**DESCRIPTION OF THE TASK:**
Would you retype, word for word, the line with "proof (rule field_le_epsilon)" and every line after it through the end of the records below?
-=-=-=-=-
lemma V_antimono:
  assumes "0 \<le> \<beta>\<^sub>2" "\<beta>\<^sub>2 \<le> \<beta>\<^sub>1"
  shows "V Q G \<beta>\<^sub>1 n \<le> V Q G \<beta>\<^sub>2 n"
proof -
  define e\<^sub>1 e\<^sub>2 where "e\<^sub>1 = real n powr (- \<beta>\<^sub>1)" and "e\<^sub>2 = real n powr (- \<beta>\<^sub>2)"
  have e\<^sub>2: "0 \<le> e\<^sub>2" "e\<^sub>2 \<le> 1" using assms by (simp_all add: e\<^sub>2_def nat_powr_neg_le_1)
  have "e\<^sub>1 \<le> e\<^sub>2"
  proof (cases "n = 0")
    case False
    with assms show ?thesis by (auto simp: e\<^sub>1_def e\<^sub>2_def intro!: powr_mono)
  qed (simp add: e\<^sub>1_def e\<^sub>2_def)
  then have e\<^sub>1: "0 \<le> e\<^sub>1" "e\<^sub>1 \<le> e\<^sub>2" by (simp_all add: e\<^sub>1_def)
  define t where "t = e\<^sub>1 / e\<^sub>2"
  have t: "0 \<le> t" "t \<le> 1" "t * e\<^sub>2 = e\<^sub>1"
    using e\<^sub>1 e\<^sub>2 by (auto simp: t_def divide_le_eq_1)
  define P where "P = mixture e\<^sub>2 (Q n) (G n)"
  have P: "prob_space P" "sets P = sets (Q n)"
    using Q G sets_G e\<^sub>2 by (simp_all add: P_def prob_space_mixture)
  have "mixture e\<^sub>1 (Q n) (G n) = mixture t (Q n) P"
    using mixture_mixture[OF sets_G e\<^sub>2 t(1,2)] by (simp add: P_def t(3))
  then show ?thesis
    using TV_PiM_mixtures_le_TV[OF Q P, of "\<lambda>_. t" "{..<n}"] t
    by (simp add: V_def P_def flip: e\<^sub>1_def e\<^sub>2_def)
qed

lemma V_tendsto_0:
  assumes "1 < \<beta>"
  shows "(\<lambda>n. V Q G \<beta> n) \<longlonglongrightarrow> 0"
proof -
  have "eventually (\<lambda>n. 0 \<le> V Q G \<beta> n) sequentially"
    using assms by (intro always_eventually allI V_nonneg) auto
  moreover have "V Q G \<beta> n \<le> real n powr (1 - \<beta>)" if "1 \<le> n" for n
    using V_le[of \<beta> n] assms that by (simp add: powr_diff powr_minus_divide)
  then have "eventually (\<lambda>n. V Q G \<beta> n \<le> real n powr (1 - \<beta>)) sequentially"
    by (rule eventually_sequentiallyI)
  moreover have "(\<lambda>n. real n powr (1 - \<beta>)) \<longlonglongrightarrow> 0"
    using assms by (intro tendsto_neg_powr filterlim_real_sequentially) auto
  ultimately show ?thesis by (rule tendsto_sandwich[OF _ _ tendsto_const])
qed

lemma le_of_V_tendsto_1_0:
  assumes "(\<lambda>n. V Q G \<beta>\<^sub>1 n) \<longlonglongrightarrow> 1" "(\<lambda>n. V Q G \<beta>\<^sub>2 n) \<longlonglongrightarrow> 0" "0 \<le> \<beta>\<^sub>2"
  shows "\<beta>\<^sub>1 \<le> \<beta>\<^sub>2"
proof (rule ccontr)
  assume "\<not> \<beta>\<^sub>1 \<le> \<beta>\<^sub>2"
  then have "\<forall>n. V Q G \<beta>\<^sub>1 n \<le> V Q G \<beta>\<^sub>2 n"
    using assms(3) V_antimono[of \<beta>\<^sub>2 \<beta>\<^sub>1] by simp
  then have "(1::real) \<le> 0"
    by (intro tendsto_le[OF trivial_limit_sequentially assms(2,1)] always_eventually)
  then show False by simp
qed

end

theorem lemma1:
  fixes Q G :: "nat \<Rightarrow> 'a measure"
  assumes "\<And>n. prob_space (Q n)"
    and "\<And>n. prob_space (G n)"
    and "\<And>n. sets (G n) = sets (Q n)"
  shows "0 \<le> beta_lower Q G \<and> beta_lower Q G \<le> beta_upper Q G \<and> beta_upper Q G \<le> 1"
proof -
  define L where "L = insert 0 {\<beta>. \<beta> \<ge> 0 \<and> (\<lambda>n. V Q G \<beta> n) \<longlonglongrightarrow> 1}"
  define U where "U = {\<beta>. \<beta> \<ge> 0 \<and> (\<lambda>n. V Q G \<beta> n) \<longlonglongrightarrow> 0}"
  have gt_1: "\<beta> \<in> U" if "1 < \<beta>" for \<beta>
    using V_tendsto_0[OF assms that] that by (simp add: U_def)
  have U_nonempty: "U \<noteq> {}" using gt_1[of 2] by auto
  have "bdd_below U" unfolding U_def by (rule bdd_belowI[of _ 0]) auto
  have "Inf U \<le> 1"
  proof (rule field_le_epsilon)
    fix e :: real assume "0 < e"
    then show "Inf U \<le> 1 + e" using gt_1[of "1 + e"] \<open>bdd_below U\<close> by (intro cInf_lower) auto
  qed
  moreover have L_le_U: "x \<le> Inf U" if "x \<in> L" for x
  proof (rule cInf_greatest[OF U_nonempty])
    fix \<beta> assume "\<beta> \<in> U"
    then show "x \<le> \<beta>" using that le_of_V_tendsto_1_0[OF assms] by (auto simp: L_def U_def)
  qed
  moreover have "0 \<le> Sup L"
    using L_le_U by (intro cSup_upper bdd_aboveI[of L "Inf U"]) (auto simp: L_def)
  moreover have "Sup L \<le> Inf U"
    using L_le_U by (intro cSup_least) (auto simp: L_def)
  ultimately show ?thesis by (simp add: beta_lower_def beta_upper_def flip: L_def U_def)
qed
-=-=-=-=-
**SOLUTION BELOW:**
  proof (rule field_le_epsilon)
    fix e :: real assume "0 < e"
    then show "Inf U \<le> 1 + e" using gt_1[of "1 + e"] \<open>bdd_below U\<close> by (intro cInf_lower) auto
  qed
  moreover have L_le_U: "x \<le> Inf U" if "x \<in> L" for x
  proof (rule cInf_greatest[OF U_nonempty])
    fix \<beta> assume "\<beta> \<in> U"
    then show "x \<le> \<beta>" using that le_of_V_tendsto_1_0[OF assms] by (auto simp: L_def U_def)
  qed
  moreover have "0 \<le> Sup L"
    using L_le_U by (intro cSup_upper bdd_aboveI[of L "Inf U"]) (auto simp: L_def)
  moreover have "Sup L \<le> Inf U"
    using L_le_U by (intro cSup_least) (auto simp: L_def)
  ultimately show ?thesis by (simp add: beta_lower_def beta_upper_def flip: L_def U_def)
qed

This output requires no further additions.